→ **Records for this exercise**
(* Assume the setting in the context. There are universal constants $C_1,C_2>0$ (independent of $B,R,d,n,\delta$) such that for every $\delta\in(0,1)$, with probability at least $1-\delta$ over the sample, every $w\in\mathbb R^d$ with $\|w\|_2\le R$ and $\nabla\widehat L(w)=0$ satisfies $$\|w-w_\star\|_2\le \frac{C_1B}{\gamma^2\lambda}\sqrt{\frac{d\,(C_2+\log(nBR))+\log(1/\delta)}{n}}.$$
   Context: Generalized linear model: pairs $(x,y)$ are drawn from a distribution $D$ on $\mathbb R^d\times\mathbb R$ where $x\sim D_x$ and $y=\sigma(w_\star^\top x)+\epsilon$, with $\epsilon$ a mean-zero noise independent of $x$, $\sigma:\mathbb R\to\mathbb R$ a known function and $w_\star\in\mathbb R^d$ unknown. Assumptions: (1) $D_x$ is supported in $\{x:\|x\|_2\le B\}$ and $\mathbb E[xx^\top]\succeq \lambda I$ for some $\lambda>0$; (2) $\|w_\star\|_2\le R$ and $BR\ge1$; (3) $\sigma$ is strictly increasing, twice differentiable, $\sigma(t)\in[0,1]$, $\sup_t\max(|\sigma'(t)|,|\sigma''(t)|)\le1$, and $\inf_{t\in[-BR,BR]}\sigma'(t)\ge\gamma>0$; (4) $|\epsilon|\le1$ almost surely. Given i.i.d. samples $(x_i,y_i)_{i=1}^n\sim D$, the empirical risk is $\widehat L(w)=\frac1{2n}\sum_{i=1}^n(y_i-\sigma(w^\top x_i))^2$. *)

theory Defs
  imports "HOL-Probability.Probability"
begin

text \<open>Vectors of R^d are represented as functions nat => real; only the
coordinates 0..d-1 matter.  The measurable space of covariates is the
finite product space PiM {..<d} (borel).\<close>

definition dotp :: "nat \<Rightarrow> (nat \<Rightarrow> real) \<Rightarrow> (nat \<Rightarrow> real) \<Rightarrow> real" where
  "dotp d w x = (\<Sum>i<d. w i * x i)"

definition vec_space :: "nat \<Rightarrow> (nat \<Rightarrow> real) measure" where
  "vec_space d = Pi\<^sub>M {..<d} (\<lambda>_. borel)"

definition link_ok :: "(real \<Rightarrow> real) \<Rightarrow> real \<Rightarrow> real \<Rightarrow> real \<Rightarrow> bool" where
  "link_ok \<sigma> B R \<gamma> \<longleftrightarrow> strict_mono \<sigma> \<and> (\<forall>t. 0 \<le> \<sigma> t \<and> \<sigma> t \<le> 1) \<and> \<gamma> > 0 \<and>
     (\<exists>\<sigma>1 \<sigma>2. (\<forall>t. (\<sigma> has_real_derivative \<sigma>1 t) (at t)) \<and>
               (\<forall>t. (\<sigma>1 has_real_derivative \<sigma>2 t) (at t)) \<and>
               (\<forall>t. \<bar>\<sigma>1 t\<bar> \<le> 1 \<and> \<bar>\<sigma>2 t\<bar> \<le> 1) \<and>
               (\<forall>t\<in>{-(B*R)..B*R}. \<sigma>1 t \<ge> \<gamma>))"

definition covariates_ok :: "nat \<Rightarrow> real \<Rightarrow> real \<Rightarrow> (nat \<Rightarrow> real) measure \<Rightarrow> bool" where
  "covariates_ok d B lam Dx \<longleftrightarrow> prob_space Dx \<and> sets Dx = sets (vec_space d) \<and> lam > 0 \<and>
     (AE x in Dx. L2_set x {..<d} \<le> B) \<and>
     (\<forall>v. (\<integral>x. (dotp d v x)\<^sup>2 \<partial>Dx) \<ge> lam * (\<Sum>i<d. (v i)\<^sup>2))"

definition noise_ok :: "real measure \<Rightarrow> bool" where
  "noise_ok Ne \<longleftrightarrow> prob_space Ne \<and> sets Ne = sets borel \<and>
     (AE e in Ne. \<bar>e\<bar> \<le> 1) \<and> (\<integral>e. e \<partial>Ne) = 0"

definition glm_dist :: "nat \<Rightarrow> (real \<Rightarrow> real) \<Rightarrow> (nat \<Rightarrow> real) \<Rightarrow> (nat \<Rightarrow> real) measure
     \<Rightarrow> real measure \<Rightarrow> ((nat \<Rightarrow> real) \<times> real) measure" where
  "glm_dist d \<sigma> wstar Dx Ne =
     distr (Dx \<Otimes>\<^sub>M Ne) (vec_space d \<Otimes>\<^sub>M borel) (\<lambda>(x, e). (x, \<sigma> (dotp d wstar x) + e))"

definition sample_measure :: "nat \<Rightarrow> ((nat \<Rightarrow> real) \<times> real) measure
     \<Rightarrow> (nat \<Rightarrow> (nat \<Rightarrow> real) \<times> real) measure" where
  "sample_measure n D = Pi\<^sub>M {..<n} (\<lambda>_. D)"

definition emp_risk :: "nat \<Rightarrow> nat \<Rightarrow> (real \<Rightarrow> real) \<Rightarrow> (nat \<Rightarrow> (nat \<Rightarrow> real) \<times> real)
     \<Rightarrow> (nat \<Rightarrow> real) \<Rightarrow> real" where
  "emp_risk d n \<sigma> S w = (1 / (2 * real n)) * (\<Sum>i<n. (snd (S i) - \<sigma> (dotp d w (fst (S i))))\<^sup>2)"

definition grad_zero :: "nat \<Rightarrow> ((nat \<Rightarrow> real) \<Rightarrow> real) \<Rightarrow> (nat \<Rightarrow> real) \<Rightarrow> bool" where
  "grad_zero d L w \<longleftrightarrow>
     (\<forall>j<d. ((\<lambda>t. L (w(j := w j + t))) has_real_derivative 0) (at 0))"

end

theory Submission
  imports Defs
begin

text \<open>
Write the directional derivative of the loss at a sample z = (x, y) as
\<open>\<phi>\<^sub>w\<^sub>,\<^sub>g(z) = (\<sigma>(w\<cdot>x) - y) \<sigma>'(w\<cdot>x) (g\<cdot>x)\<close>. Its mean \<open>P(w, g)\<close> under D is linear in g,
Lipschitz in w, and satisfies \<open>P(w, w - w\<^sub>\<star>) \<ge> \<gamma>\<^sup>2 \<lambda> \<parallel>w - w\<^sub>\<star>\<parallel>\<^sup>2\<close>: integrating out the
mean-zero noise leaves \<open>(\<sigma>(w\<cdot>x) - \<sigma>(w\<^sub>\<star>\<cdot>x)) \<sigma>'(w\<cdot>x) (w - w\<^sub>\<star>)\<cdot>x\<close>, and \<open>\<sigma>' \<ge> \<gamma>\<close> on
\<open>[-BR, BR]\<close>. Hoeffding's inequality and a union bound over a finite grid of pairs
\<open>(w', g)\<close> make the empirical averages of \<open>\<phi>\<close> uniformly t-close to P with probability
\<open>1 - \<delta>\<close>. At a critical point w of the empirical risk those averages vanish, so by the
Lipschitz bound \<open>|P(w, g)| \<le> t + O(B/n)\<close> on a grid of directions, which forces the
population gradient at w to have norm \<open>\<le> 2(t + O(B/n))\<close>; testing it against
\<open>w - w\<^sub>\<star>\<close> gives the claim. The grids have \<open>(5nBRd)\<^sup>d (3d)\<^sup>d\<close> points, whence the
\<open>d log(nBR)\<close> term; for \<open>d > n\<close> the claimed bound exceeds 2R and is trivial.
\<close>

abbreviation vnorm :: "nat \<Rightarrow> (nat \<Rightarrow> real) \<Rightarrow> real" where
  "vnorm d w \<equiv> L2_set w {..<d}"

→ **Exercise objective**
Would you please copy every line of the data exactly?

→ **Response to this task**
(* Assume the setting in the context. There are universal constants $C_1,C_2>0$ (independent of $B,R,d,n,\delta$) such that for every $\delta\in(0,1)$, with probability at least $1-\delta$ over the sample, every $w\in\mathbb R^d$ with $\|w\|_2\le R$ and $\nabla\widehat L(w)=0$ satisfies $$\|w-w_\star\|_2\le \frac{C_1B}{\gamma^2\lambda}\sqrt{\frac{d\,(C_2+\log(nBR))+\log(1/\delta)}{n}}.$$
   Context: Generalized linear model: pairs $(x,y)$ are drawn from a distribution $D$ on $\mathbb R^d\times\mathbb R$ where $x\sim D_x$ and $y=\sigma(w_\star^\top x)+\epsilon$, with $\epsilon$ a mean-zero noise independent of $x$, $\sigma:\mathbb R\to\mathbb R$ a known function and $w_\star\in\mathbb R^d$ unknown. Assumptions: (1) $D_x$ is supported in $\{x:\|x\|_2\le B\}$ and $\mathbb E[xx^\top]\succeq \lambda I$ for some $\lambda>0$; (2) $\|w_\star\|_2\le R$ and $BR\ge1$; (3) $\sigma$ is strictly increasing, twice differentiable, $\sigma(t)\in[0,1]$, $\sup_t\max(|\sigma'(t)|,|\sigma''(t)|)\le1$, and $\inf_{t\in[-BR,BR]}\sigma'(t)\ge\gamma>0$; (4) $|\epsilon|\le1$ almost surely. Given i.i.d. samples $(x_i,y_i)_{i=1}^n\sim D$, the empirical risk is $\widehat L(w)=\frac1{2n}\sum_{i=1}^n(y_i-\sigma(w^\top x_i))^2$. *)

theory Defs
  imports "HOL-Probability.Probability"
begin

text \<open>Vectors of R^d are represented as functions nat => real; only the
coordinates 0..d-1 matter.  The measurable space of covariates is the
finite product space PiM {..<d} (borel).\<close>

definition dotp :: "nat \<Rightarrow> (nat \<Rightarrow> real) \<Rightarrow> (nat \<Rightarrow> real) \<Rightarrow> real" where
  "dotp d w x = (\<Sum>i<d. w i * x i)"

definition vec_space :: "nat \<Rightarrow> (nat \<Rightarrow> real) measure" where
  "vec_space d = Pi\<^sub>M {..<d} (\<lambda>_. borel)"

definition link_ok :: "(real \<Rightarrow> real) \<Rightarrow> real \<Rightarrow> real \<Rightarrow> real \<Rightarrow> bool" where
  "link_ok \<sigma> B R \<gamma> \<longleftrightarrow> strict_mono \<sigma> \<and> (\<forall>t. 0 \<le> \<sigma> t \<and> \<sigma> t \<le> 1) \<and> \<gamma> > 0 \<and>
     (\<exists>\<sigma>1 \<sigma>2. (\<forall>t. (\<sigma> has_real_derivative \<sigma>1 t) (at t)) \<and>
               (\<forall>t. (\<sigma>1 has_real_derivative \<sigma>2 t) (at t)) \<and>
               (\<forall>t. \<bar>\<sigma>1 t\<bar> \<le> 1 \<and> \<bar>\<sigma>2 t\<bar> \<le> 1) \<and>
               (\<forall>t\<in>{-(B*R)..B*R}. \<sigma>1 t \<ge> \<gamma>))"

definition covariates_ok :: "nat \<Rightarrow> real \<Rightarrow> real \<Rightarrow> (nat \<Rightarrow> real) measure \<Rightarrow> bool" where
  "covariates_ok d B lam Dx \<longleftrightarrow> prob_space Dx \<and> sets Dx = sets (vec_space d) \<and> lam > 0 \<and>
     (AE x in Dx. L2_set x {..<d} \<le> B) \<and>
     (\<forall>v. (\<integral>x. (dotp d v x)\<^sup>2 \<partial>Dx) \<ge> lam * (\<Sum>i<d. (v i)\<^sup>2))"

definition noise_ok :: "real measure \<Rightarrow> bool" where
  "noise_ok Ne \<longleftrightarrow> prob_space Ne \<and> sets Ne = sets borel \<and>
     (AE e in Ne. \<bar>e\<bar> \<le> 1) \<and> (\<integral>e. e \<partial>Ne) = 0"

definition glm_dist :: "nat \<Rightarrow> (real \<Rightarrow> real) \<Rightarrow> (nat \<Rightarrow> real) \<Rightarrow> (nat \<Rightarrow> real) measure
     \<Rightarrow> real measure \<Rightarrow> ((nat \<Rightarrow> real) \<times> real) measure" where
  "glm_dist d \<sigma> wstar Dx Ne =
     distr (Dx \<Otimes>\<^sub>M Ne) (vec_space d \<Otimes>\<^sub>M borel) (\<lambda>(x, e). (x, \<sigma> (dotp d wstar x) + e))"

definition sample_measure :: "nat \<Rightarrow> ((nat \<Rightarrow> real) \<times> real) measure
     \<Rightarrow> (nat \<Rightarrow> (nat \<Rightarrow> real) \<times> real) measure" where
  "sample_measure n D = Pi\<^sub>M {..<n} (\<lambda>_. D)"

definition emp_risk :: "nat \<Rightarrow> nat \<Rightarrow> (real \<Rightarrow> real) \<Rightarrow> (nat \<Rightarrow> (nat \<Rightarrow> real) \<times> real)
     \<Rightarrow> (nat \<Rightarrow> real) \<Rightarrow> real" where
  "emp_risk d n \<sigma> S w = (1 / (2 * real n)) * (\<Sum>i<n. (snd (S i) - \<sigma> (dotp d w (fst (S i))))\<^sup>2)"

definition grad_zero :: "nat \<Rightarrow> ((nat \<Rightarrow> real) \<Rightarrow> real) \<Rightarrow> (nat \<Rightarrow> real) \<Rightarrow> bool" where
  "grad_zero d L w \<longleftrightarrow>
     (\<forall>j<d. ((\<lambda>t. L (w(j := w j + t))) has_real_derivative 0) (at 0))"

end

theory Submission
  imports Defs
begin

text \<open>
Write the directional derivative of the loss at a sample z = (x, y) as
\<open>\<phi>\<^sub>w\<^sub>,\<^sub>g(z) = (\<sigma>(w\<cdot>x) - y) \<sigma>'(w\<cdot>x) (g\<cdot>x)\<close>. Its mean \<open>P(w, g)\<close> under D is linear in g,
Lipschitz in w, and satisfies \<open>P(w, w - w\<^sub>\<star>) \<ge> \<gamma>\<^sup>2 \<lambda> \<parallel>w - w\<^sub>\<star>\<parallel>\<^sup>2\<close>: integrating out the
mean-zero noise leaves \<open>(\<sigma>(w\<cdot>x) - \<sigma>(w\<^sub>\<star>\<cdot>x)) \<sigma>'(w\<cdot>x) (w - w\<^sub>\<star>)\<cdot>x\<close>, and \<open>\<sigma>' \<ge> \<gamma>\<close> on
\<open>[-BR, BR]\<close>. Hoeffding's inequality and a union bound over a finite grid of pairs
\<open>(w', g)\<close> make the empirical averages of \<open>\<phi>\<close> uniformly t-close to P with probability
\<open>1 - \<delta>\<close>. At a critical point w of the empirical risk those averages vanish, so by the
Lipschitz bound \<open>|P(w, g)| \<le> t + O(B/n)\<close> on a grid of directions, which forces the
population gradient at w to have norm \<open>\<le> 2(t + O(B/n))\<close>; testing it against
\<open>w - w\<^sub>\<star>\<close> gives the claim. The grids have \<open>(5nBRd)\<^sup>d (3d)\<^sup>d\<close> points, whence the
\<open>d log(nBR)\<close> term; for \<open>d > n\<close> the claimed bound exceeds 2R and is trivial.
\<close>

abbreviation vnorm :: "nat \<Rightarrow> (nat \<Rightarrow> real) \<Rightarrow> real" where
  "vnorm d w \<equiv> L2_set w {..<d}"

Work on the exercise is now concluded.